▸ WORK TO COMPLETE:
Determine how many lines in the entries below contain the word "noteq". The reply is that number alone.

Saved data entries
text \<open>Identify the plane spanned by \<open>h, h'\<close> at \<open>a\<close> with \<open>F\<^sup>2\<close> and let \<open>S\<close> be the support
of \<open>g\<close>. On a uniformly random line \<open>(s, s') + r (t, t')\<close> the points for distinct \<open>r\<close> are
uniform and pairwise independent, so the number \<open>X\<close> of them in \<open>S\<close> has mean \<open>|S|/n\<close> and
total squared deviation \<open>n |S| (n\<^sup>2 - |S|) \<le> n\<^sup>5/4\<close>, i.e. variance at most \<open>n/4\<close>. Since
\<open>|S|/n \<ge> (\<delta> - 2\<rho>) n \<ge> 2\<rho>n + 3n/8\<close>, Chebyshev bounds the probability of \<open>X < 2\<rho>n\<close> by
\<open>(n/4) / (3n/8)\<^sup>2 = 16/(9n)\<close>.\<close>

lemma card_dev_ge_mult_sq_le:
  fixes X :: "'w \<Rightarrow> real"
  assumes "finite \<Omega>" "0 \<le> \<epsilon>"
  shows "real (card {\<omega>\<in>\<Omega>. \<epsilon> \<le> \<bar>X \<omega> - \<mu>\<bar>}) * \<epsilon>\<^sup>2 \<le> (\<Sum>\<omega>\<in>\<Omega>. (X \<omega> - \<mu>)\<^sup>2)"
proof -
  have "real (card {\<omega>\<in>\<Omega>. \<epsilon> \<le> \<bar>X \<omega> - \<mu>\<bar>}) * \<epsilon>\<^sup>2 \<le> (\<Sum>\<omega>\<in>{\<omega>\<in>\<Omega>. \<epsilon> \<le> \<bar>X \<omega> - \<mu>\<bar>}. (X \<omega> - \<mu>)\<^sup>2)"
  proof (rule sum_bounded_below)
    fix \<omega> assume "\<omega> \<in> {\<omega>\<in>\<Omega>. \<epsilon> \<le> \<bar>X \<omega> - \<mu>\<bar>}"
    then have "\<epsilon>\<^sup>2 \<le> \<bar>X \<omega> - \<mu>\<bar>\<^sup>2" using \<open>0 \<le> \<epsilon>\<close> by (intro power_mono) auto
    then show "\<epsilon>\<^sup>2 \<le> (X \<omega> - \<mu>)\<^sup>2" by simp
  qed
  also have "\<dots> \<le> (\<Sum>\<omega>\<in>\<Omega>. (X \<omega> - \<mu>)\<^sup>2)"
    using \<open>finite \<Omega>\<close> by (intro sum_mono2) auto
  finally show ?thesis .
qed

lemma sum_sq_dev_pairwise_independent:
  fixes A :: "'r \<Rightarrow> 'w set" and R :: "'r set" and \<Omega> :: "'w set"
  assumes "finite R" "finite \<Omega>" "\<Omega> \<noteq> {}"
    and sub: "\<And>r. r \<in> R \<Longrightarrow> A r \<subseteq> \<Omega>"
    and card1: "\<And>r. r \<in> R \<Longrightarrow> card (A r) = k"
    and card2: "\<And>r r'. r \<in> R \<Longrightarrow> r' \<in> R \<Longrightarrow> r \<noteq> r' \<Longrightarrow> card (A r \<inter> A r') * card \<Omega> = k\<^sup>2"
  defines "N \<equiv> real (card R)" and "M \<equiv> real (card \<Omega>)"
  shows "(\<Sum>\<omega>\<in>\<Omega>. (real (card {r\<in>R. \<omega> \<in> A r}) - N * k / M)\<^sup>2) = N * k * (M - k) / M"
proof -
  define X where "X \<omega> = (\<Sum>r\<in>R. of_bool (\<omega> \<in> A r) :: real)" for \<omega>
  have M_pos: "M > 0" using assms(2,3) by (simp add: M_def card_gt_0_iff)
  have X_eq: "real (card {r\<in>R. \<omega> \<in> A r}) = X \<omega>" for \<omega>
    using \<open>finite R\<close> by (simp add: X_def Collect_conj_eq Int_commute)
  have pair: "(\<Sum>\<omega>\<in>\<Omega>. of_bool (\<omega> \<in> A r) * of_bool (\<omega> \<in> A r') :: real)
      = (if r = r' then k else k\<^sup>2 / M)" if "r \<in> R" "r' \<in> R" for r r'
  proof -
    have "(\<Sum>\<omega>\<in>\<Omega>. of_bool (\<omega> \<in> A r) * of_bool (\<omega> \<in> A r') :: real) = card (A r \<inter> A r')"
    proof -
      have "\<Omega> \<inter> {\<omega>. \<omega> \<in> A r \<and> \<omega> \<in> A r'} = A r \<inter> A r'" using sub[OF that(1)] by blast
      then show ?thesis using \<open>finite \<Omega>\<close> by (simp flip: of_bool_conj)
    qed
    then show ?thesis
      using card1[OF that(1)] card2[OF that] M_pos unfolding M_def
      by (auto simp: field_simps simp flip: of_nat_mult of_nat_power)
  qed
  have sum_X: "(\<Sum>\<omega>\<in>\<Omega>. X \<omega>) = N * k"
  proof -
    have "(\<Sum>\<omega>\<in>\<Omega>. X \<omega>) = (\<Sum>r\<in>R. \<Sum>\<omega>\<in>\<Omega>. of_bool (\<omega> \<in> A r) * of_bool (\<omega> \<in> A r))"
      unfolding X_def by (subst sum.swap) (intro sum.cong refl; simp)
    also have "\<dots> = N * k" using pair by (simp add: N_def)
    finally show ?thesis .
  qed
  have sum_X2: "(\<Sum>\<omega>\<in>\<Omega>. (X \<omega>)\<^sup>2) = N * k + N * (N - 1) * k\<^sup>2 / M"
  proof -
    have "(\<Sum>\<omega>\<in>\<Omega>. (X \<omega>)\<^sup>2)
        = (\<Sum>\<omega>\<in>\<Omega>. \<Sum>r\<in>R. \<Sum>r'\<in>R. of_bool (\<omega> \<in> A r) * of_bool (\<omega> \<in> A r'))"
      unfolding X_def power2_eq_square sum_product ..
    also have "\<dots> = (\<Sum>r\<in>R. \<Sum>\<omega>\<in>\<Omega>. \<Sum>r'\<in>R. of_bool (\<omega> \<in> A r) * of_bool (\<omega> \<in> A r'))"
      by (rule sum.swap)
    also have "\<dots> = (\<Sum>r\<in>R. \<Sum>r'\<in>R. \<Sum>\<omega>\<in>\<Omega>. of_bool (\<omega> \<in> A r) * of_bool (\<omega> \<in> A r'))"
      by (rule sum.cong[OF refl], rule sum.swap)
    also have "\<dots> = (\<Sum>r\<in>R. k + (N - 1) * k\<^sup>2 / M)"
    proof (rule sum.cong[OF refl])
      fix r assume "r \<in> R"
      have "(\<Sum>r'\<in>R. \<Sum>\<omega>\<in>\<Omega>. of_bool (\<omega> \<in> A r) * of_bool (\<omega> \<in> A r'))
          = (\<Sum>r'\<in>R. if r = r' then k else k\<^sup>2 / M)"
        using pair \<open>r \<in> R\<close> by simp
      also have "\<dots> = k + (N - 1) * k\<^sup>2 / M"
      proof -
        have "card R \<ge> 1" using \<open>finite R\<close> \<open>r \<in> R\<close> by (auto simp: Suc_le_eq card_gt_0_iff)
        then show ?thesis using \<open>finite R\<close> \<open>r \<in> R\<close>
          by (simp add: sum.If_cases N_def Collect_conj_eq Int_absorb1 card_Diff_singleton of_nat_diff flip: Diff_eq)
      qed
      finally show "(\<Sum>r'\<in>R. \<Sum>\<omega>\<in>\<Omega>. of_bool (\<omega> \<in> A r) * of_bool (\<omega> \<in> A r')) = k + (N - 1) * k\<^sup>2 / M" .
    qed
    also have "\<dots> = N * k + N * (N - 1) * k\<^sup>2 / M" by (simp add: N_def algebra_simps)
    finally show ?thesis .
  qed
  define \<mu> where "\<mu> = N * k / M"
  have "(\<Sum>\<omega>\<in>\<Omega>. (X \<omega> - \<mu>)\<^sup>2) = (\<Sum>\<omega>\<in>\<Omega>. (X \<omega>)\<^sup>2) - 2 * \<mu> * (\<Sum>\<omega>\<in>\<Omega>. X \<omega>) + M * \<mu>\<^sup>2"
  proof -
    have "(\<Sum>\<omega>\<in>\<Omega>. (X \<omega> - \<mu>)\<^sup>2) = (\<Sum>\<omega>\<in>\<Omega>. (X \<omega>)\<^sup>2 - 2 * \<mu> * X \<omega> + \<mu>\<^sup>2)"
      by (rule sum.cong) (simp_all add: power2_diff)
    then show ?thesis by (simp add: sum.distrib sum_subtractf M_def flip: sum_distrib_left)
  qed
  also have "\<dots> = N * k * (M - k) / M"
    unfolding sum_X sum_X2 \<mu>_def using M_pos by (simp add: field_simps power2_eq_square)
  finally show ?thesis by (simp add: X_eq \<mu>_def)
qed
lemma laplacian_spectral_gap:
  assumes "0 < N"
    and a_sym: "\<And>i j. i < N \<Longrightarrow> j < N \<Longrightarrow> a i j = a j i"
    and a_nonneg: "\<And>i j. i < N \<Longrightarrow> j < N \<Longrightarrow> a i j \<ge> 0"
    and conn: "connected_graph N a"
  obtains l where "l > 0"
    and "\<And>x. (\<Sum>i<N. x i) = 0 \<Longrightarrow> l * (\<Sum>i<N. (x i)^2) \<le> (\<Sum>i<N. x i * (\<Sum>j<N. a i j * (x i - x j)))"
proof -
  have "\<forall>p\<in>{..<N} \<times> {..<N}. \<exists>K\<ge>0. \<forall>x. (x (fst p) - x (snd p))^2 \<le> K * dirichlet_energy N a x"
    using sq_diff_le_dirichlet_energy_if_path[OF a_nonneg] conn unfolding connected_graph_def by auto
  then obtain K where K: "\<And>p. p \<in> {..<N} \<times> {..<N} \<Longrightarrow>
      K p \<ge> 0 \<and> (\<forall>x. (x (fst p) - x (snd p))^2 \<le> K p * dirichlet_energy N a x)"
    by metis
  \<comment> \<open>For \<open>\<Sum>x = 0\<close>, summing these bounds over all pairs gives \<open>2 N |x|\<^sup>2 \<le> Ksum \<cdot> 2 x\<^sup>T L x\<close>.\<close>
  define Ksum where "Ksum = (\<Sum>i<N. \<Sum>j<N. K (i, j))"
  have "Ksum \<ge> 0"
    unfolding Ksum_def using K by (auto intro!: sum_nonneg)
  show ?thesis
  proof
    show "real N / (Ksum + 1) > 0"
      using \<open>0 < N\<close> \<open>Ksum \<ge> 0\<close> by auto
    fix x :: "nat \<Rightarrow> real"
    assume "(\<Sum>i<N. x i) = 0"
    define Lx where "Lx = (\<Sum>i<N. x i * (\<Sum>j<N. a i j * (x i - x j)))"
    have energy: "dirichlet_energy N a x = 2 * Lx"
      unfolding Lx_def by (rule dirichlet_energy_eq_laplacian_form[OF a_sym])
    have "dirichlet_energy N a x \<ge> 0"
      unfolding dirichlet_energy_def by (auto intro!: sum_nonneg mult_nonneg_nonneg a_nonneg)
    then have "Lx \<ge> 0"
      using energy by simp
    have "2 * real N * (\<Sum>i<N. (x i)^2) = (\<Sum>i<N. \<Sum>j<N. (x i - x j)^2)"
      using sum_sq_pairwise_diff[of x N] \<open>(\<Sum>i<N. x i) = 0\<close> by simp
    also have "\<dots> \<le> (\<Sum>i<N. \<Sum>j<N. K (i, j) * dirichlet_energy N a x)"
      using K by (intro sum_mono) fastforce
    also have "\<dots> = Ksum * (2 * Lx)"
      unfolding Ksum_def energy by (simp add: sum_distrib_right)
    finally have "real N * (\<Sum>i<N. (x i)^2) \<le> (Ksum + 1) * Lx"
      using \<open>Lx \<ge> 0\<close> by (simp add: algebra_simps)
    then show "real N / (Ksum + 1) * (\<Sum>i<N. (x i)^2) \<le> Lx"
      using \<open>Ksum \<ge> 0\<close> by (simp add: field_simps)
  qed
qed

lemma sum_weighted_diffs_eq_0:
  assumes a_sym: "\<And>i j. i < N \<Longrightarrow> j < N \<Longrightarrow> a i j = a j i"
  shows "(\<Sum>i<N. \<Sum>j<N. a i j * (x i - x j)) = (0 :: real)"
proof -
  have "(\<Sum>i<N. \<Sum>j<N. a i j * x j) = (\<Sum>j<N. \<Sum>i<N. a i j * x j)"
    by (rule sum.swap)
  also have "\<dots> = (\<Sum>j<N. \<Sum>i<N. a j i * x j)"
    by (intro sum.cong refl) (simp add: a_sym)
  finally show ?thesis
    by (simp add: sum_subtractf right_diff_distrib)
qed

lemma sum_nbrs_antisym_eq_0:
  fixes s :: "nat \<Rightarrow> nat \<Rightarrow> real"
  assumes a_sym: "\<And>i j. i < N \<Longrightarrow> j < N \<Longrightarrow> a i j = a j i"
  shows "(\<Sum>i<N. \<Sum>j\<in>nbrs N a i. s j i - s i j) = 0"
proof -
  define s0 where "s0 i j = (if a i j > 0 then s i j else 0)" for i j
  have nbrs: "(\<Sum>j\<in>nbrs N a i. s j i - s i j) = (\<Sum>j<N. s0 j i - s0 i j)" if "i < N" for i
  proof -
    have "nbrs N a i = {j \<in> {..<N}. a i j > 0}"
      unfolding nbrs_def by auto
    then have "(\<Sum>j\<in>nbrs N a i. s j i - s i j) = (\<Sum>j<N. if a i j > 0 then s j i - s i j else 0)"
      by (simp only:) (rule sum.inter_filter, simp)
    also have "\<dots> = (\<Sum>j<N. s0 j i - s0 i j)"
      using that by (intro sum.cong refl) (auto simp: s0_def a_sym)
    finally show ?thesis .
  qed
  have "(\<Sum>i<N. \<Sum>j<N. s0 j i) = (\<Sum>i<N. \<Sum>j<N. s0 i j)"
    by (rule sum.swap)
  then show ?thesis
    using nbrs by (simp add: sum_subtractf)
qed

lemma sum_mask_eq_0:
  assumes "\<And>i j. i < N \<Longrightarrow> j < N \<Longrightarrow> a i j = a j i"
  shows "(\<Sum>i<N. mask N a Am \<omega> i t) = 0"
  unfolding mask_def by (rule sum_nbrs_antisym_eq_0[OF assms])

lemma mask_has_real_derivative:
  "(mask N a Am \<omega> i has_real_derivative
     (\<Sum>j\<in>nbrs N a i. Am * \<omega> j i * cos (\<omega> j i * t) - Am * \<omega> i j * cos (\<omega> i j * t))) (at t)"
  unfolding mask_def[abs_def] sig_def
  by (auto intro!: derivative_eq_intros sum.cong)

lemma abs_deriv_mask_le:
  "\<bar>deriv (mask N a Am \<omega> i) t\<bar> \<le> (\<Sum>j\<in>nbrs N a i. \<bar>Am\<bar> * (\<bar>\<omega> j i\<bar> + \<bar>\<omega> i j\<bar>))"
proof -
  have term_le: "\<bar>Am * w * cos (w * t)\<bar> \<le> \<bar>Am\<bar> * \<bar>w\<bar>" for w
    by (simp add: abs_mult mult_left_le)
  have "\<bar>deriv (mask N a Am \<omega> i) t\<bar>
      \<le> (\<Sum>j\<in>nbrs N a i. \<bar>Am * \<omega> j i * cos (\<omega> j i * t) - Am * \<omega> i j * cos (\<omega> i j * t)\<bar>)"
    unfolding DERIV_imp_deriv[OF mask_has_real_derivative] by (rule sum_abs)
  also have "\<dots> \<le> (\<Sum>j\<in>nbrs N a i. \<bar>Am\<bar> * (\<bar>\<omega> j i\<bar> + \<bar>\<omega> i j\<bar>))"
    by (intro sum_mono order_trans[OF abs_triangle_ineq4])
      (use term_le in \<open>simp add: distrib_left add_mono\<close>)
  finally show ?thesis .
qed

lemma consensus_preserves_sum:
  fixes x w w' :: "nat \<Rightarrow> real \<Rightarrow> real" and a :: "nat \<Rightarrow> nat \<Rightarrow> real"
  assumes a_sym: "\<And>i j. i < N \<Longrightarrow> j < N \<Longrightarrow> a i j = a j i"
    and w_deriv: "\<And>i t. i < N \<Longrightarrow> t \<ge> 0 \<Longrightarrow> (w i has_real_derivative w' i t) (at t within {0..})"
    and x_deriv: "\<And>i t. i < N \<Longrightarrow> t \<ge> 0 \<Longrightarrow>
       (x i has_real_derivative w' i t - \<beta> * (\<Sum>j<N. a i j * (x i t - x j t))) (at t within {0..})"
    and init: "\<And>i. i < N \<Longrightarrow> x i 0 = w i 0" and "t \<ge> 0"
  shows "(\<Sum>i<N. x i t) = (\<Sum>i<N. w i t)"
proof -
  define d where "d t = (\<Sum>i<N. x i t - w i t)" for t
  have "(d has_real_derivative 0) (at s within {0..})" if "s \<ge> 0" for s
  proof -
    have "(d has_real_derivative (\<Sum>i<N. - \<beta> * (\<Sum>j<N. a i j * (x i s - x j s))))
        (at s within {0..})"
      unfolding d_def using that by (auto intro!: derivative_eq_intros x_deriv w_deriv)
    then show ?thesis
      by (simp add: sum_negf sum_distrib_left[symmetric] sum_weighted_diffs_eq_0[OF a_sym])
  qed
  then obtain c where "\<And>s. s \<in> {0..} \<Longrightarrow> d s = c"
    using has_field_derivative_zero_constant[of "{0::real..}" d] by auto
  then have "d t = d 0"
    using \<open>t \<ge> 0\<close> by simp
  also have "d 0 = 0"
    unfolding d_def using init by simp
  finally show ?thesis
    unfolding d_def by (simp add: sum_subtractf)
qed

lemma consensus_error_Limsup_le:
  fixes e u :: "nat \<Rightarrow> real \<Rightarrow> real" and a :: "nat \<Rightarrow> nat \<Rightarrow> real" and b :: "nat \<Rightarrow> real"
  assumes gap: "\<And>x. (\<Sum>i<N. x i) = 0 \<Longrightarrow>
       l * (\<Sum>i<N. (x i)^2) \<le> (\<Sum>i<N. x i * (\<Sum>j<N. a i j * (x i - x j)))"
    and "l > 0" and "\<beta> > 0"
    and sum_eq_0: "\<And>t. t \<ge> 0 \<Longrightarrow> (\<Sum>k<N. e k t) = 0"
    and e_deriv: "\<And>k t. k < N \<Longrightarrow> t \<ge> 0 \<Longrightarrow>
       (e k has_real_derivative u k t - \<beta> * (\<Sum>j<N. a k j * (e k t - e j t))) (at t within {0..})"
    and u_bound: "\<And>k t. k < N \<Longrightarrow> t \<ge> 0 \<Longrightarrow> \<bar>u k t\<bar> \<le> b k"
    and "i < N"
  shows "Limsup at_top (\<lambda>t. ereal \<bar>e i t\<bar>) \<le> ereal (sqrt (\<Sum>k<N. (b k)^2) / (l * \<beta>))"
proof -
  define \<kappa> where "\<kappa> = l * \<beta>"
  define U where "U = (\<Sum>k<N. (b k)^2)"
  define V where "V t = (\<Sum>k<N. (e k t)^2)" for t
  define Lap where "Lap k t = (\<Sum>j<N. a k j * (e k t - e j t))" for k t
  define V' where "V' t = (\<Sum>k<N. 2 * e k t * u k t) - 2 * \<beta> * (\<Sum>k<N. e k t * Lap k t)" for t
  have "\<kappa> > 0"
    unfolding \<kappa>_def using \<open>l > 0\<close> \<open>\<beta> > 0\<close> by simp
  have V_deriv: "(V has_real_derivative V' t) (at t within {0..})" if "t \<ge> 0" for t
  proof -
    have "(V has_real_derivative (\<Sum>k<N. 2 * ((u k t - \<beta> * Lap k t) * e k t))) (at t within {0..})"
      unfolding V_def Lap_def using that by (auto intro!: derivative_eq_intros e_deriv)
    then show ?thesis
      unfolding V'_def by (simp add: algebra_simps sum_subtractf sum_distrib_left)
  qed
  have V'_le: "V' t \<le> \<kappa> * (U / \<kappa>^2 - V t)" if "t \<ge> 0" for t
  proof -
    have "(\<Sum>k<N. 2 * e k t * u k t) \<le> (\<Sum>k<N. \<kappa> * (e k t)^2 + (b k)^2 / \<kappa>)"
    proof (rule sum_mono)
      fix k assume "k \<in> {..<N}"
      then have "(u k t)^2 \<le> (b k)^2"
        using u_bound[of k t] that by (simp add: abs_le_square_iff[symmetric])
      then show "2 * e k t * u k t \<le> \<kappa> * (e k t)^2 + (b k)^2 / \<kappa>"
        using two_mul_le_scaled_sq_add_sq[OF \<open>\<kappa> > 0\<close>, of "e k t" "u k t"] \<open>\<kappa> > 0\<close>
        by (smt (verit) divide_right_mono)
    qed
    also have "\<dots> = \<kappa> * V t + U / \<kappa>"
      unfolding V_def U_def by (simp add: sum.distrib sum_distrib_left sum_divide_distrib)
    finally have "(\<Sum>k<N. 2 * e k t * u k t) \<le> \<kappa> * V t + U / \<kappa>" .
    moreover have "\<kappa> * V t \<le> \<beta> * (\<Sum>k<N. e k t * Lap k t)"
      using gap[of "\<lambda>k. e k t"] sum_eq_0[OF that] \<open>\<beta> > 0\<close>
      unfolding \<kappa>_def V_def Lap_def by (simp add: mult.assoc mult.left_commute)
    moreover have "\<kappa> * (U / \<kappa>^2 - V t) = U / \<kappa> - \<kappa> * V t"
      using \<open>\<kappa> > 0\<close> by (simp add: power2_eq_square field_simps)
    ultimately show ?thesis
      unfolding V'_def by linarith
  qed
  have "(e i t)^2 \<le> V t" for t
    unfolding V_def by (rule member_le_sum[where f = "\<lambda>k. (e k t)^2"]) (use \<open>i < N\<close> in auto)
  then have "Limsup at_top (\<lambda>t. ereal \<bar>e i t\<bar>) \<le> ereal (sqrt (U / \<kappa>^2))"
    using Limsup_abs_le_sqrt_of_differential_inequality[OF V_deriv V'_le \<open>\<kappa> > 0\<close>] by blast
  also have "sqrt (U / \<kappa>^2) = sqrt U / (l * \<beta>)"
    using \<open>\<kappa> > 0\<close> unfolding \<kappa>_def by (simp add: real_sqrt_divide)
  finally show ?thesis
    unfolding U_def .
qed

▸ EXERCISE SOLUTION:
2